Ana Casas Broda, Leche II (3) (Milk II [3]), 2010, photograph, 120 x 180 cm

For the second year running, the organizers of PHotoEspaña – the International Festival of Photography and Visual Culture, which takes place annually in Madrid – framed their programme of exhibitions and events within the parameters of a geographic region. Last year, it was Spain; for the 2015 edition, the honour went to Latin America. If attempting to achieve thematic cohesion using the boundaries of a single country was difficult, focusing on a region that includes the entire South American continent and part of North America was no easier. However, PHotoEspaña 2015 was not simply about photographs of Latin America per se, but rather the development of photography within this geographical area. This broadish remit allowed for the politics and local histories specific to a particular region to be explored, while leaving ample space for photographers to examine more universal ideas about personal identity. Perhaps because of the region’s tumultuous history, it should come as no surprise that it was along the axis of ‘the document’ that PHotoEspaña 2015 achieved its most marked sense of cohesion.
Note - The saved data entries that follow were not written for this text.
lemma sigma_witness: "sigma_pt n k witness = a"
proof (rule nth_equalityI)
  show "length (sigma_pt n k witness) = length a" unfolding sigma_pt_def using length_a by simp
next
  fix t assume "t < length (sigma_pt n k witness)"
  moreover have "length (sigma_pt n k witness) = n" unfolding sigma_pt_def by simp
  ultimately have t: "1 \<le> Suc t" "Suc t \<le> n" by auto
  let ?C = "{(j, m). 1 \<le> j \<and> j \<le> n \<and> m < k \<and> A j = A (Suc t)}"
  have "dg_pos n k witness ` dg_chain n k witness (Suc t, 0) = position ` ?C"
    unfolding witness_chain[OF t] using pos_witness by (intro image_cong) (auto simp: mem_dg_elems)
  moreover have "Min (position ` ?C) = A (Suc t)"
  proof (rule Min_eqI)
    show "finite (position ` ?C)" by (rule finite_imageI) (auto intro: finite_subset[OF _ finite_dg_elems] simp: mem_dg_elems)
    show "A (Suc t) \<le> y" if y: "y \<in> position ` ?C" for y
    proof -
      obtain j m where "y = position (j, m)" "1 \<le> j" "j \<le> n" "m < k" "A j = A (Suc t)"
        using y by auto
      then show ?thesis using A_le_position[of j m] by simp
    qed
    have "1 \<le> first_of (A (Suc t))" "first_of (A (Suc t)) \<le> n" "A (first_of (A (Suc t))) = A (Suc t)"
      using first_of_props[OF start_A[OF t]] by blast+
    moreover have "k - 1 < k" using k1 by simp
    ultimately have "(first_of (A (Suc t)), k - 1) \<in> ?C"
      unfolding mem_Collect_eq prod.case by (intro conjI)
    then show "A (Suc t) \<in> position ` ?C"
      by (rule image_eqI[where f = position, OF position_start[OF t, symmetric]])
  qed
  moreover have "sigma_pt n k witness ! t = Min (dg_pos n k witness ` dg_chain n k witness ([1..<n+1] ! t, 0))"
    unfolding sigma_pt_def using t by (intro nth_map) simp
  moreover have "[1..<n+1] ! t = Suc t" using t by (subst nth_upt) auto
  ultimately show "sigma_pt n k witness ! t = a ! t" unfolding entry_def by simp
qed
With new director María García Yelo at the helm, this 18th instalment of the festival featured 101 exhibitions spread over 70 venues, located in and around Madrid, including many major institutions and national art centres, as well as smaller commercial galleries and non-traditional spaces such as shops and hotels. Out of the 395 artists represented, about half of the photographers were contemporary. The other half included such early-to-mid-20th-century modernists as Lola Alvarez Bravo, Manuel Carrillo and Tina Modotti. There is something wonderfully incongruous about seeing rural villages documented with the same formalist precision that is more often associated with the steel and iron of industrialized America. These outstanding photographs have generally enjoyed fewer accolades than similar works by North Americans such as Paul Strand and Edward Weston, so it was refreshing to see these less-celebrated works take top billing here.
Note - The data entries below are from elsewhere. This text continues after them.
definition xi :: "nat \<Rightarrow> real \<Rightarrow> real" where
  "xi n q = min (q * real n) (real n - q * real n)"

end

(* By the Chernoff bound, the comfort zone of a node of popularity q lies within
   tail_radius (ln n) (n q (1 - q)) = O(sqrt (xi ln n)) of its mean n q.  For h in Z_t and
   h - 2 in Z_k this confines h - 2, ..., h + m, with m about sqrt (xi_t / ln n) / 264, to a
   window just above n q_k on which the ratio of consecutive point probabilities of
   Bin(n, q_k) stays at least (m + 2) / (m + 3).  Hence each of the m values h + 1, ..., h + m
   has probability at least Pr[d = h - l] / e, and summing them bounds Pr[d > h] from below. *)

theory Submission
  imports Defs
begin

lemma measure_binomial_pmf_eq_sum:
  assumes "0 \<le> q" "q \<le> 1"
  shows "measure_pmf.prob (binomial_pmf n q) B = (\<Sum>k\<in>B \<inter> {..n}. pmf (binomial_pmf n q) k)"
proof -
  have "set_pmf (binomial_pmf n q) \<subseteq> {..n}"
    using assms by (auto simp: set_pmf_binomial_eq)
  then have "B \<inter> set_pmf (binomial_pmf n q) = (B \<inter> {..n}) \<inter> set_pmf (binomial_pmf n q)"
    by auto
  then have "measure_pmf.prob (binomial_pmf n q) B = measure_pmf.prob (binomial_pmf n q) (B \<inter> {..n})"
    by (metis measure_Int_set_pmf)
  also have "\<dots> = (\<Sum>k\<in>B \<inter> {..n}. pmf (binomial_pmf n q) k)"
    by (rule measure_measure_pmf_finite) simp
  finally show ?thesis .
qed

lemma binomial_pmf_mgf:
  assumes "0 \<le> q" "q \<le> 1"
  shows "(\<Sum>k\<le>n. pmf (binomial_pmf n q) k * exp (lam * real k)) = (1 - q + q * exp lam) ^ n"
proof -
  have "(q * exp lam + (1 - q)) ^ n = (\<Sum>k\<le>n. real (n choose k) * (q * exp lam) ^ k * (1 - q) ^ (n - k))"
    by (subst binomial_ring) (simp add: atLeast0AtMost)
  also have "\<dots> = (\<Sum>k\<le>n. pmf (binomial_pmf n q) k * exp (lam * real k))"
    using assms by (intro sum.cong refl)
      (simp add: exp_of_nat_mult[symmetric] power_mult_distrib mult.commute mult.left_commute)
  finally show ?thesis by (simp add: add.commute)
qed

lemma measure_binomial_pmf_le_exp_moment:
  assumes q: "0 \<le> q" "q \<le> 1"
  shows "measure_pmf.prob (binomial_pmf n q) {i. x \<le> lam * (real i - n * q)}
           \<le> exp (- x - lam * n * q) * (1 - q + q * exp lam) ^ n"
proof -
  let ?p = "pmf (binomial_pmf n q)" and ?S = "{i. x \<le> lam * (real i - n * q)}"
  have "measure_pmf.prob (binomial_pmf n q) ?S = (\<Sum>k\<in>?S \<inter> {..n}. ?p k)"
    using q by (rule measure_binomial_pmf_eq_sum)
  also have "\<dots> \<le> (\<Sum>k\<in>?S \<inter> {..n}. ?p k * exp (lam * (real k - n * q) - x))"
    by (intro sum_mono) (simp add: mult_le_cancel_left1)
  also have "\<dots> \<le> (\<Sum>k\<le>n. ?p k * exp (lam * (real k - n * q) - x))"
    by (rule sum_mono2) auto
  also have "\<dots> = exp (- x - lam * n * q) * (\<Sum>k\<le>n. ?p k * exp (lam * real k))"
    by (simp add: sum_distrib_left exp_diff exp_add exp_minus field_simps)
  finally show ?thesis
    by (simp only: binomial_pmf_mgf[OF q])
qed

lemma exp_minus_one_le_bernoulli_mgf:
  fixes q x :: real
  assumes "0 \<le> q" "q \<le> 1" "0 \<le> x" "x \<le> 1"
  shows "exp x - 1 \<le> 4 * x * (1 - q + q * exp x)"
proof -
  have "1 \<le> 1 - q + q * exp x"
    using assms mult_left_mono[of 1 "exp x" q] by simp
  then have "4 * x \<le> 4 * x * (1 - q + q * exp x)"
    using assms mult_left_mono[of 1 _ "4 * x"] by simp
  moreover have "exp x \<le> 1 + x + x\<^sup>2"
    using assms by (intro exp_bound) auto
  moreover have "x\<^sup>2 \<le> x"
    using assms by (simp add: power2_eq_square mult_left_le)
  ultimately show ?thesis
    using assms by linarith
qed

lemma bernoulli_mgf_le_exp_minus_one:
  fixes q x :: real
  assumes "0 \<le> q" "q \<le> 1" "-1 \<le> x" "x \<le> 0"
  shows "4 * x * (1 - q + q * exp x) \<le> exp x - 1"
proof -
  have "exp (-1) \<le> exp x"
    using assms by simp
  moreover have "1 / 3 \<le> exp (-1::real)"
    using exp_le by (simp add: exp_minus field_simps)
  moreover have "exp x \<le> 1 - q + q * exp x"
    using assms mult_left_mono[of "exp x" 1 "1 - q"] by (simp add: algebra_simps)
  ultimately have "1 / 3 \<le> 1 - q + q * exp x"
    by linarith
  then have "4 * x * (1 - q + q * exp x) \<le> 4 * x * (1 / 3)"
    using assms by (intro mult_left_mono_neg) auto
  moreover have "1 + x \<le> exp x" by simp
  ultimately show ?thesis
    using assms by linarith
qed

lemma bernoulli_mgf_le:
  fixes q lam :: real
  assumes q: "0 \<le> q" "q \<le> 1" and lam: "-1 \<le> lam" "lam \<le> 1"
  shows "1 - q + q * exp lam \<le> exp (q * lam + 2 * q * (1 - q) * lam\<^sup>2)"
proof -
  define M where "M x = 1 - q + q * exp x" for x :: real
  have M_pos: "M x > 0" for x
    using q by (cases "q = 1") (auto simp: M_def intro: add_pos_nonneg)
  define g where "g x = q * x + 2 * q * (1 - q) * x\<^sup>2 - ln (M x)" for x
  define g' where "g' x = q * (1 - q) * (4 * x * M x - (exp x - 1)) / M x" for x
  have deriv: "(g has_real_derivative g' x) (at x)" for x
    using M_pos[of x] unfolding g_def g'_def M_def
    by (auto intro!: derivative_eq_intros simp: power2_eq_square field_simps)
  have "g 0 \<le> g lam"
  proof (cases "0 \<le> lam")
    case True
    show ?thesis
    proof (rule deriv_nonneg_imp_mono[OF deriv])
      fix x assume "x \<in> {0..lam}"
      then show "0 \<le> g' x"
        using q lam M_pos[of x] exp_minus_one_le_bernoulli_mgf[OF q, of x]
        by (auto simp: g'_def M_def intro!: divide_nonneg_pos mult_nonneg_nonneg)
    qed (use True in auto)
  next
    case False
    show ?thesis
    proof (rule deriv_nonpos_imp_antimono[OF deriv])
      fix x assume "x \<in> {lam..0}"
      then show "g' x \<le> 0"
        using q lam M_pos[of x] bernoulli_mgf_le_exp_minus_one[OF q, of x]
        by (auto simp: g'_def M_def intro!: divide_nonpos_pos mult_nonneg_nonpos)
    qed (use False in auto)
  qed
  then have "ln (M lam) \<le> q * lam + 2 * q * (1 - q) * lam\<^sup>2"
    by (simp add: g_def M_def)
  then have "M lam \<le> exp (q * lam + 2 * q * (1 - q) * lam\<^sup>2)"
    using M_pos[of lam] by (metis exp_le_cancel_iff exp_ln)
  then show ?thesis
    by (simp add: M_def)
qed

lemma binomial_chernoff:
  assumes q: "0 \<le> q" "q \<le> 1" and lam: "\<bar>lam\<bar> \<le> 1"
  shows "measure_pmf.prob (binomial_pmf n q) {i. x \<le> lam * (real i - n * q)}
           \<le> exp (- x + 2 * real n * q * (1 - q) * lam\<^sup>2)"
proof -
  have "measure_pmf.prob (binomial_pmf n q) {i. x \<le> lam * (real i - n * q)}
          \<le> exp (- x - lam * n * q) * (1 - q + q * exp lam) ^ n"
    using q by (rule measure_binomial_pmf_le_exp_moment)
  also have "\<dots> \<le> exp (- x - lam * n * q) * exp (q * lam + 2 * q * (1 - q) * lam\<^sup>2) ^ n"
    using q lam by (intro mult_left_mono power_mono bernoulli_mgf_le) (auto intro: add_nonneg_nonneg)
  also have "\<dots> = exp (- x + 2 * real n * q * (1 - q) * lam\<^sup>2)"
    by (simp add: exp_of_nat_mult[symmetric] exp_add[symmetric] algebra_simps)
  finally show ?thesis .
qed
Roberto M. Tondopó, Piñata, 2010, photograph, 80 x 60 cm

The exhibition of Modotti’s prints at the flagship store of Spanish fashion house, Loewe, marked the first time a solo exhibition of the artist’s works has been held in Spain. Recognized more often for her political activism (and her association with Weston), Modotti’s photographic career was a short one, lasting only six years (she died in 1942 at the age of 46), and so this gathering together of 50 vintage gelatin-silver and platinum prints was even more remarkable. The decision to show images of the hardship and poverty of Mexican street and village life in the shop of a luxury brand was a baffling one but, that aside, these prints demonstrated the unexpected harmony that can result when an eye attuned to line and shape merges with a soul attuned to human reality.
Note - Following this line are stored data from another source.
text \<open>The key construction: arbitrarily small open subgroups \<open>K\<close> of \<open>H\<close> and \<open>W\<close> of \<open>G\<close> with
  \<open>K\<close> invariant under \<open>W\<close>, obtained as the \<open>W\<close>-invariant core of a small open subgroup.\<close>
lemma invariant_open_subgroups:
  assumes naG: "non_archimedean G TG" and naH: "non_archimedean H TH"
    and act: "G_group G TG H TH act"
    and V: "openin TH V" "\<one>\<^bsub>H\<^esub> \<in> V" and N: "openin TG N" "\<one>\<^bsub>G\<^esub> \<in> N"
  obtains K W where "subgroup K H" "openin TH K" "K \<subseteq> V"
    and "subgroup W G" "openin TG W" "W \<subseteq> N"
    and "\<And>w k. w \<in> W \<Longrightarrow> k \<in> K \<Longrightarrow> act w k \<in> K"
proof -
  have TG: "topological_group G TG" and TH: "topological_group H TH"
    using naG naH by (simp_all add: non_archimedean_def)
  then have groups: "group G" "group H"
    by (simp_all add: topological_group_def)
  note aut = G_group_acts_by_automorphisms[OF act]
  obtain V0 where V0: "subgroup V0 H" "openin TH V0" "V0 \<subseteq> V"
    using naH V unfolding non_archimedean_def by blast
  obtain W V' where W: "subgroup W G" "openin TG W" "W \<subseteq> N"
    and V': "subgroup V' H" "openin TH V'" and small: "\<And>w v. w \<in> W \<Longrightarrow> v \<in> V' \<Longrightarrow> act w v \<in> V0"
    using action_small_open_subgroups[OF naG naH act V0(2) subgroup.one_closed[OF V0(1)] N]
    by blast
  let ?K = "invariant_core act W V0"
  have K: "subgroup ?K H"
    using invariant_core_subgroup[OF groups aut subgroup.subset[OF W(1)] V0(1)] .
  have "V' \<subseteq> ?K"
  proof
    fix v assume v: "v \<in> V'"
    have "act \<one>\<^bsub>G\<^esub> v = v"
      using v subgroup.subset[OF V'(1)] action_unit[OF aut] by auto
    moreover have "act \<one>\<^bsub>G\<^esub> v \<in> V0"
      using small v subgroup.one_closed[OF W(1)] by blast
    ultimately show "v \<in> ?K"
      using small v by (auto simp: invariant_core_def)
  qed
  then have "openin TH ?K"
    using subgroup_openin_if_contains_nbhd[OF TH K V'(2) subgroup.one_closed[OF V'(1)]] by blast
  moreover have "?K \<subseteq> V"
    using V0(3) by (auto simp: invariant_core_def)
  moreover have "act w k \<in> ?K" if "w \<in> W" "k \<in> ?K" for w k
    using invariant_core_invariant[OF groups aut W(1) subgroup.subset[OF V0(1)] that] .
  ultimately show thesis
    using that K W by blast
qed

theorem corollary3p4:
  fixes G :: "('g, 'c) monoid_scheme" and TG :: "'g topology"
    and H :: "('h, 'd) monoid_scheme" and TH :: "'h topology"
    and act :: "'g \<Rightarrow> 'h \<Rightarrow> 'h"
  assumes "non_archimedean G TG"
    and "non_archimedean H TH"
    and "G_group G TG H TH act"
  shows "non_archimedean (semidirect_product H G act) (prod_topology TH TG)"
  unfolding non_archimedean_def
proof (intro conjI allI impI)
  have groups: "group G" "group H"
    using assms(1,2) by (simp_all add: non_archimedean_def topological_group_def)
  show "topological_group (semidirect_product H G act) (prod_topology TH TG)"
    using assms by (intro topological_group_semidirect_product) (simp_all add: non_archimedean_def)
  fix U assume "openin (prod_topology TH TG) U \<and> \<one>\<^bsub>semidirect_product H G act\<^esub> \<in> U"
  then obtain V N where V: "openin TH V" "\<one>\<^bsub>H\<^esub> \<in> V" and N: "openin TG N" "\<one>\<^bsub>G\<^esub> \<in> N"
    and "V \<times> N \<subseteq> U"
    by (metis openin_prod_topology_alt semidirect_product_one)
  moreover obtain K W where "subgroup K H" "openin TH K" "K \<subseteq> V"
    and "subgroup W G" "openin TG W" "W \<subseteq> N"
    and "\<And>w k. w \<in> W \<Longrightarrow> k \<in> K \<Longrightarrow> act w k \<in> K"
    using invariant_open_subgroups[OF assms V N] by blast
  ultimately show "\<exists>S. subgroup S (semidirect_product H G act) \<and>
                       openin (prod_topology TH TG) S \<and> S \<subseteq> U"
    using semidirect_product_subgroup[OF groups G_group_acts_by_automorphisms[OF assms(3)]]
    by (intro exI[of _ "K \<times> W"]) (auto simp: openin_prod_Times_iff)
qed

end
On the contemporary side, documentation often took a decidedly more personal turn. Ana Casas Broda’s exhibition at Círculo de Bellas Artes, ‘Kinderwunsch’ (a German word meaning the desire to have children), traced the Spanish/Mexican artist’s struggle to conceive and give birth, as well as her experience of motherhood. Graphic depictions of the brutal effects of pregnancy upon her body are contrasted with joyful images of Broda playing with her young sons, but this was no typical pictorial diary of pregnancy and childbirth. ‘Kinderwunsch’ was a multi-sensory experience in which a wide range of photographic formats was fused with words and sound. The single, variously sized, framed colour prints, murals and video installations were accompanied by texts which recalled memories from the artist’s childhood, while the sound of a child playing and the pulsing heartbeat from a sonogram reverberated continuously throughout the gallery.

From the desire to be a parent to the pain of losing one: in ‘Moises’, at the Centro de Arte Alcobendas, Argentinian photographer Mariela Sancari – who was the winner of the PHotoEspaña Discoveries award in 2014 – used portraiture to re-imagine what her father, Moises, who committed suicide when she was 14, might look like now. By creating studio portraits of men who might resemble her father, Sancari effectively records a fantasy – using a documentary medium to capture something that doesn’t exist outside her own imagination. The images, oddly cropped and fragmented, were presented in series (five in total, the largest consisting of 16 unframed prints) so as to articulate the fractured and repetitive nature of memory. As in ‘Kinderwunsch’, ‘Moises’ is less focused on the specifics of Latin American identity than on the details of how we define ourselves.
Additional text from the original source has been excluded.